Required work: A verbatim reproduction of the lines below, from the line containing "A = transpose_mat" through the line containing "None \<Rightarrow> \<infinity>", both ends included, is the whole required output.

Stored entries
=== Section Start ===

(* Let $M,N,K\ge 1$ be integers, $\mathcal K=\{1,\dots,K\}$, $\mathbf G\in\mathbb C^{N\times M}$, $\mathbf h_1,\dots,\mathbf h_K\in\mathbb C^{M}$, $P_0>0$, and for each $k\in\mathcal K$ let $\Gamma_k>0$ and $\sigma_k^2>0$. Write $\mathbf H_k=\mathbf h_k\mathbf h_k^H$. For a positive semidefinite $\mathbf R\in\mathbb C^{M\times M}$ let $f(\mathbf R)=\mathrm{tr}\big((\mathbf G\mathbf R\mathbf G^H)^{-1}\big)$ when $\mathbf G\mathbf R\mathbf G^H$ is invertible, and $f(\mathbf R)=+\infty$ otherwise. Consider the problems: (P1.1): minimize $f\big(\sum_{k\in\mathcal K}\mathbf w_k\mathbf w_k^H+\mathbf R_0\big)$ over $\mathbf w_1,\dots,\mathbf w_K\in\mathbb C^M$ and Hermitian $\mathbf R_0\in\mathbb C^{M\times M}$, subject to $\frac{|\mathbf h_k^H\mathbf w_k|^2}{\sum_{i\in\mathcal K,i\ne k}|\mathbf h_k^H\mathbf w_i|^2+\mathbf h_k^H\mathbf R_0\mathbf h_k+\sigma_k^2}\ge\Gamma_k$ for all $k\in\mathcal K$, $\sum_{k\in\mathcal K}\|\mathbf w_k\|^2+\mathrm{tr}(\mathbf R_0)\le P_0$, and $\mathbf R_0\succeq\mathbf 0$; (P1.2): minimize $f\big(\sum_{k\in\mathcal K}\mathbf W_k+\mathbf R_0\big)$ over Hermitian $\mathbf W_1,\dots,\mathbf W_K,\mathbf R_0\in\mathbb C^{M\times M}$, subject to $\frac{1}{\Gamma_k}\mathrm{tr}(\mathbf H_k\mathbf W_k)-\sum_{i\in\mathcal K,i\ne k}\mathrm{tr}(\mathbf H_k\mathbf W_i)-\mathrm{tr}(\mathbf H_k\mathbf R_0)\ge\sigma_k^2$ for all $k\in\mathcal K$, $\sum_{k\in\mathcal K}\mathrm{tr}(\mathbf W_k)+\mathrm{tr}(\mathbf R_0)\le P_0$, $\mathbf R_0\succeq\mathbf 0$, $\mathbf W_k\succeq\mathbf 0$ and $\mathrm{rank}(\mathbf W_k)\le 1$ for all $k\in\mathcal K$; (SDR1.2): the same as (P1.2) but without the constraints $\mathrm{rank}(\mathbf W_k)\le1$. Then (P1.1), (P1.2) and (SDR1.2) have the same optimal value. Moreover, if $\{\tilde{\mathbf W}_k\}_{k\in\mathcal K},\tilde{\mathbf R}_0$ is an optimal solution of (SDR1.2), then $\mathbf w_k^\star=(\mathbf h_k^H\tilde{\mathbf W}_k\mathbf h_k)^{-1/2}\tilde{\mathbf W}_k\mathbf h_k$ for $k\in\mathcal K$ and $\mathbf R_0^\star=\tilde{\mathbf R}_0+\sum_{k\in\mathcal K}\tilde{\mathbf W}_k-\sum_{k\in\mathcal K}\mathbf w_k^\star(\mathbf w_k^\star)^H$ form an optimal solution of (P1.1).
   Context: This is the transmit beamforming subproblem of an IRS-enabled integrated sensing and communication system with a fixed IRS reflection vector: $\mathbf h_k$ is the combined channel from the base station ($M$ antennas) to user $k$, $\mathbf w_k$ the information beamformer for user $k$, $\mathbf R_0$ the covariance matrix of the dedicated sensing signal, $\mathbf G$ the base-station-to-IRS channel, $\Gamma_k$ the SINR threshold, $\sigma_k^2$ the noise variance, and $P_0$ the power budget. The objective is (up to a positive constant) the Cramér-Rao bound for estimating the target response matrix. Here users cannot cancel sensing-signal interference, hence the term $\mathbf h_k^H\mathbf R_0\mathbf h_k$ in the SINR. *)

theory Defs
  imports "Jordan_Normal_Form.DL_Rank" "HOL-Library.Extended_Real"
begin

text \<open>Complex matrices/vectors are Jordan_Normal_Form matrices with explicit dimensions.
  Users are indexed by 0..<K (the paper's 1..K).\<close>

definition ctrans :: "complex mat \<Rightarrow> complex mat" where
  "ctrans A = transpose_mat (map_mat cnj A)"

definition mtrace :: "complex mat \<Rightarrow> complex" where
  "mtrace A = (\<Sum>i<dim_row A. A $$ (i,i))"

definition cinner :: "complex vec \<Rightarrow> complex vec \<Rightarrow> complex" where
  "cinner x y = (\<Sum>i<dim_vec x. cnj (x $ i) * y $ i)"

definition outer :: "complex vec \<Rightarrow> complex mat" where
  "outer x = mat (dim_vec x) (dim_vec x) (\<lambda>(i,j). x $ i * cnj (x $ j))"

definition vnorm2 :: "complex vec \<Rightarrow> real" where
  "vnorm2 x = (\<Sum>i<dim_vec x. (cmod (x $ i))\<^sup>2)"

definition hermitian :: "nat \<Rightarrow> complex mat \<Rightarrow> bool" where
  "hermitian n A \<longleftrightarrow> A \<in> carrier_mat n n \<and> ctrans A = A"

definition psd :: "nat \<Rightarrow> complex mat \<Rightarrow> bool" where
  "psd n A \<longleftrightarrow> hermitian n A \<and> (\<forall>x\<in>carrier_vec n. 0 \<le> Re (cinner x (A *\<^sub>v x)))"

definition msum :: "nat \<Rightarrow> nat \<Rightarrow> (nat \<Rightarrow> complex mat) \<Rightarrow> complex mat" where
  "msum n K W = mat n n (\<lambda>(i,j). \<Sum>k<K. W k $$ (i,j))"

text \<open>f(R) = tr((G R G^H)^{-1}) if invertible, +infinity otherwise.
  (For Hermitian invertible G R G^H the trace of the inverse is real; we take its real part.)\<close>
definition crb :: "complex mat \<Rightarrow> complex mat \<Rightarrow> ereal" where
  "crb G R = (case mat_inverse (G * R * ctrans G) of
                None \<Rightarrow> \<infinity>
              | Some B \<Rightarrow> ereal (Re (mtrace B)))"

definition obj11 :: "nat \<Rightarrow> nat \<Rightarrow> complex mat \<Rightarrow> (nat \<Rightarrow> complex vec) \<Rightarrow> complex mat \<Rightarrow> ereal" where
  "obj11 M K G w R0 = crb G (msum M K (\<lambda>k. outer (w k)) + R0)"

definition feas11 :: "nat \<Rightarrow> nat \<Rightarrow> (nat \<Rightarrow> complex vec) \<Rightarrow> (nat \<Rightarrow> real) \<Rightarrow> (nat \<Rightarrow> real) \<Rightarrow> real
    \<Rightarrow> (nat \<Rightarrow> complex vec) \<Rightarrow> complex mat \<Rightarrow> bool" where
  "feas11 M K h \<Gamma> \<sigma>2 P0 w R0 \<longleftrightarrow>
     (\<forall>k<K. w k \<in> carrier_vec M) \<and> hermitian M R0 \<and>
     (\<forall>k<K. (cmod (cinner (h k) (w k)))\<^sup>2 /
        ((\<Sum>i\<in>{..<K} - {k}. (cmod (cinner (h k) (w i)))\<^sup>2) + Re (cinner (h k) (R0 *\<^sub>v h k)) + \<sigma>2 k)
        \<ge> \<Gamma> k) \<and>
     (\<Sum>k<K. vnorm2 (w k)) + Re (mtrace R0) \<le> P0 \<and>
     psd M R0"

definition val11 :: "nat \<Rightarrow> nat \<Rightarrow> complex mat \<Rightarrow> (nat \<Rightarrow> complex vec) \<Rightarrow> (nat \<Rightarrow> real) \<Rightarrow> (nat \<Rightarrow> real)
    \<Rightarrow> real \<Rightarrow> ereal" where
  "val11 M K G h \<Gamma> \<sigma>2 P0 =
     (INF p \<in> {(w, R0). feas11 M K h \<Gamma> \<sigma>2 P0 w R0}. obj11 M K G (fst p) (snd p))"

definition obj12 :: "nat \<Rightarrow> nat \<Rightarrow> complex mat \<Rightarrow> (nat \<Rightarrow> complex mat) \<Rightarrow> complex mat \<Rightarrow> ereal" where
  "obj12 M K G W R0 = crb G (msum M K W + R0)"

definition feasSDR :: "nat \<Rightarrow> nat \<Rightarrow> (nat \<Rightarrow> complex vec) \<Rightarrow> (nat \<Rightarrow> real) \<Rightarrow> (nat \<Rightarrow> real) \<Rightarrow> real
    \<Rightarrow> (nat \<Rightarrow> complex mat) \<Rightarrow> complex mat \<Rightarrow> bool" where
  "feasSDR M K h \<Gamma> \<sigma>2 P0 W R0 \<longleftrightarrow>
     (\<forall>k<K. hermitian M (W k)) \<and> hermitian M R0 \<and>
     (\<forall>k<K. Re (mtrace (outer (h k) * W k)) / \<Gamma> k
              - (\<Sum>i\<in>{..<K} - {k}. Re (mtrace (outer (h k) * W i)))
              - Re (mtrace (outer (h k) * R0)) \<ge> \<sigma>2 k) \<and>
     (\<Sum>k<K. Re (mtrace (W k))) + Re (mtrace R0) \<le> P0 \<and>
     psd M R0 \<and> (\<forall>k<K. psd M (W k))"

definition feas12 :: "nat \<Rightarrow> nat \<Rightarrow> (nat \<Rightarrow> complex vec) \<Rightarrow> (nat \<Rightarrow> real) \<Rightarrow> (nat \<Rightarrow> real) \<Rightarrow> real
    \<Rightarrow> (nat \<Rightarrow> complex mat) \<Rightarrow> complex mat \<Rightarrow> bool" where
  "feas12 M K h \<Gamma> \<sigma>2 P0 W R0 \<longleftrightarrow>
     feasSDR M K h \<Gamma> \<sigma>2 P0 W R0 \<and> (\<forall>k<K. vec_space.rank M (W k) \<le> 1)"

definition val12 :: "nat \<Rightarrow> nat \<Rightarrow> complex mat \<Rightarrow> (nat \<Rightarrow> complex vec) \<Rightarrow> (nat \<Rightarrow> real) \<Rightarrow> (nat \<Rightarrow> real)
    \<Rightarrow> real \<Rightarrow> ereal" where
  "val12 M K G h \<Gamma> \<sigma>2 P0 =
     (INF p \<in> {(W, R0). feas12 M K h \<Gamma> \<sigma>2 P0 W R0}. obj12 M K G (fst p) (snd p))"

definition valSDR :: "nat \<Rightarrow> nat \<Rightarrow> complex mat \<Rightarrow> (nat \<Rightarrow> complex vec) \<Rightarrow> (nat \<Rightarrow> real) \<Rightarrow> (nat \<Rightarrow> real)
    \<Rightarrow> real \<Rightarrow> ereal" where
  "valSDR M K G h \<Gamma> \<sigma>2 P0 =
     (INF p \<in> {(W, R0). feasSDR M K h \<Gamma> \<sigma>2 P0 W R0}. obj12 M K G (fst p) (snd p))"

end

theory Submission
  imports Defs
begin

text \<open>The relaxation (SDR1.2) can only lower the optimum, and a feasible point
  \<open>(w\<^sub>k, R\<^sub>0)\<close> of (P1.1) gives the rank-one feasible point \<open>(w\<^sub>k w\<^sub>k\<^sup>H, R\<^sub>0)\<close> of (P1.2) with the same
  objective, so val(SDR1.2) \<open>\<le>\<close> val(P1.2) \<open>\<le>\<close> val(P1.1).
  Conversely, take a feasible point \<open>(W\<^sub>k, R\<^sub>0)\<close> of (SDR1.2) and set
  \<open>w\<^sub>k = W\<^sub>k h\<^sub>k / sqrt (h\<^sub>k\<^sup>H W\<^sub>k h\<^sub>k)\<close>. The Cauchy-Schwarz inequality for the semidefinite form of
  \<open>W\<^sub>k\<close> makes \<open>W\<^sub>k - w\<^sub>k w\<^sub>k\<^sup>H\<close> positive semidefinite, while \<open>|h\<^sub>k\<^sup>H w\<^sub>k|\<^sup>2 = h\<^sub>k\<^sup>H W\<^sub>k h\<^sub>k\<close>.
  Moving all residuals \<open>W\<^sub>k - w\<^sub>k w\<^sub>k\<^sup>H\<close> into the sensing covariance leaves the total transmit
  covariance (hence the objective and the power) unchanged, keeps the useful power of every
  user, and therefore also keeps its interference-plus-noise power: all SINR constraints
  survive, and val(P1.1) \<open>\<le>\<close> val(SDR1.2).\<close>

lemma mult_mat_vec_index_sum:
  assumes "A \<in> carrier_mat n n" "y \<in> carrier_vec n" "i < n"
  shows "(A *\<^sub>v y) $ i = (\<Sum>j<n. A $$ (i,j) * y $ j)"
  using assms by (simp add: scalar_prod_def atLeast0LessThan)

lemma cinner_mult_mat_vec_double_sum:
  assumes "A \<in> carrier_mat n n" "x \<in> carrier_vec n" "y \<in> carrier_vec n"
  shows "cinner x (A *\<^sub>v y) = (\<Sum>i<n. \<Sum>j<n. cnj (x $ i) * A $$ (i,j) * y $ j)"
  using assms
  by (simp add: cinner_def mult_mat_vec_index_sum sum_distrib_left mult.assoc del: index_mult_mat_vec)

lemma hermitian_carrier: "hermitian n A \<Longrightarrow> A \<in> carrier_mat n n"
  by (simp add: hermitian_def)

lemma hermitian_entry:
  assumes "hermitian n A" "i < n" "j < n"
  shows "A $$ (j,i) = cnj (A $$ (i,j))"
proof -
  have "ctrans A $$ (j,i) = cnj (A $$ (i,j))"
    using assms hermitian_carrier[OF assms(1)] by (simp add: ctrans_def)
  moreover have "ctrans A = A"
    using assms(1) by (simp add: hermitian_def)
  ultimately show ?thesis by simp
qed

lemma hermitian_cinner_swap:
  assumes "hermitian n A" "x \<in> carrier_vec n" "y \<in> carrier_vec n"
  shows "cinner x (A *\<^sub>v y) = cnj (cinner y (A *\<^sub>v x))"
proof -
  have A: "A \<in> carrier_mat n n"
    using assms(1) by (rule hermitian_carrier)
  have "cnj (cinner y (A *\<^sub>v x)) = (\<Sum>i<n. \<Sum>j<n. y $ i * cnj (A $$ (i,j)) * cnj (x $ j))"
    by (simp add: cinner_mult_mat_vec_double_sum[OF A assms(3,2)])
  also have "\<dots> = (\<Sum>i<n. \<Sum>j<n. cnj (x $ j) * A $$ (j,i) * y $ i)"
  proof (intro sum.cong refl)
    fix i j assume "i \<in> {..<n}" "j \<in> {..<n}"
    then have "cnj (A $$ (i,j)) = A $$ (j,i)"
      by (simp add: hermitian_entry[OF assms(1), of j i])
    then show "y $ i * cnj (A $$ (i,j)) * cnj (x $ j) = cnj (x $ j) * A $$ (j,i) * y $ i"
      by (simp add: mult_ac)
  qed
  also have "\<dots> = cinner x (A *\<^sub>v y)"
    by (subst sum.swap) (simp add: cinner_mult_mat_vec_double_sum[OF A assms(2,3)])
  finally show ?thesis by simp
qed

lemma hermitian_cinner_self_real:
  assumes "hermitian n A" "x \<in> carrier_vec n"
  shows "cinner x (A *\<^sub>v x) = complex_of_real (Re (cinner x (A *\<^sub>v x)))"
proof -
  have "Im (cinner x (A *\<^sub>v x)) = Im (cnj (cinner x (A *\<^sub>v x)))"
    using hermitian_cinner_swap[OF assms assms(2)] by (rule arg_cong)
  then show ?thesis by (simp add: complex_eq_iff)
qed

lemma cinner_minus_left:
  "x \<in> carrier_vec n \<Longrightarrow> y \<in> carrier_vec n \<Longrightarrow> z \<in> carrier_vec n \<Longrightarrow>
    cinner (x - y) z = cinner x z - cinner y z"
  by (simp add: cinner_def sum_subtractf left_diff_distrib)

lemma cinner_smult_left: "cinner (c \<cdot>\<^sub>v x) z = cnj c * cinner x z"
  by (simp add: cinner_def sum_distrib_left mult.assoc)

lemma cinner_add_right:
  "x \<in> carrier_vec n \<Longrightarrow> y \<in> carrier_vec n \<Longrightarrow> z \<in> carrier_vec n \<Longrightarrow>
    cinner z (x + y) = cinner z x + cinner z y"
  by (simp add: cinner_def sum.distrib distrib_left)

lemma cinner_minus_right:
  "x \<in> carrier_vec n \<Longrightarrow> y \<in> carrier_vec n \<Longrightarrow> z \<in> carrier_vec n \<Longrightarrow>
    cinner z (x - y) = cinner z x - cinner z y"
  by (simp add: cinner_def sum_subtractf right_diff_distrib)

lemma cinner_smult_right:
  "x \<in> carrier_vec n \<Longrightarrow> z \<in> carrier_vec n \<Longrightarrow> cinner z (c \<cdot>\<^sub>v x) = c * cinner z x"
  by (simp add: cinner_def sum_distrib_left mult.left_commute)

lemma cinner_add_mat_mult_vec:
  assumes "A \<in> carrier_mat n n" "B \<in> carrier_mat n n" "x \<in> carrier_vec n"
  shows "cinner x ((A + B) *\<^sub>v x) = cinner x (A *\<^sub>v x) + cinner x (B *\<^sub>v x)"
  using assms by (simp add: add_mult_distrib_mat_vec cinner_add_right[of _ n])

lemma cinner_minus_mat_mult_vec:
  assumes "A \<in> carrier_mat n n" "B \<in> carrier_mat n n" "x \<in> carrier_vec n"
  shows "cinner x ((A - B) *\<^sub>v x) = cinner x (A *\<^sub>v x) - cinner x (B *\<^sub>v x)"
  using assms by (simp add: minus_mult_distrib_mat_vec cinner_minus_right[of _ n])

=== Section End ===

Solved exercise:
  "ctrans A = transpose_mat (map_mat cnj A)"

definition mtrace :: "complex mat \<Rightarrow> complex" where
  "mtrace A = (\<Sum>i<dim_row A. A $$ (i,i))"

definition cinner :: "complex vec \<Rightarrow> complex vec \<Rightarrow> complex" where
  "cinner x y = (\<Sum>i<dim_vec x. cnj (x $ i) * y $ i)"

definition outer :: "complex vec \<Rightarrow> complex mat" where
  "outer x = mat (dim_vec x) (dim_vec x) (\<lambda>(i,j). x $ i * cnj (x $ j))"

definition vnorm2 :: "complex vec \<Rightarrow> real" where
  "vnorm2 x = (\<Sum>i<dim_vec x. (cmod (x $ i))\<^sup>2)"

definition hermitian :: "nat \<Rightarrow> complex mat \<Rightarrow> bool" where
  "hermitian n A \<longleftrightarrow> A \<in> carrier_mat n n \<and> ctrans A = A"

definition psd :: "nat \<Rightarrow> complex mat \<Rightarrow> bool" where
  "psd n A \<longleftrightarrow> hermitian n A \<and> (\<forall>x\<in>carrier_vec n. 0 \<le> Re (cinner x (A *\<^sub>v x)))"

definition msum :: "nat \<Rightarrow> nat \<Rightarrow> (nat \<Rightarrow> complex mat) \<Rightarrow> complex mat" where
  "msum n K W = mat n n (\<lambda>(i,j). \<Sum>k<K. W k $$ (i,j))"

text \<open>f(R) = tr((G R G^H)^{-1}) if invertible, +infinity otherwise.
  (For Hermitian invertible G R G^H the trace of the inverse is real; we take its real part.)\<close>
definition crb :: "complex mat \<Rightarrow> complex mat \<Rightarrow> ereal" where
  "crb G R = (case mat_inverse (G * R * ctrans G) of
                None \<Rightarrow> \<infinity>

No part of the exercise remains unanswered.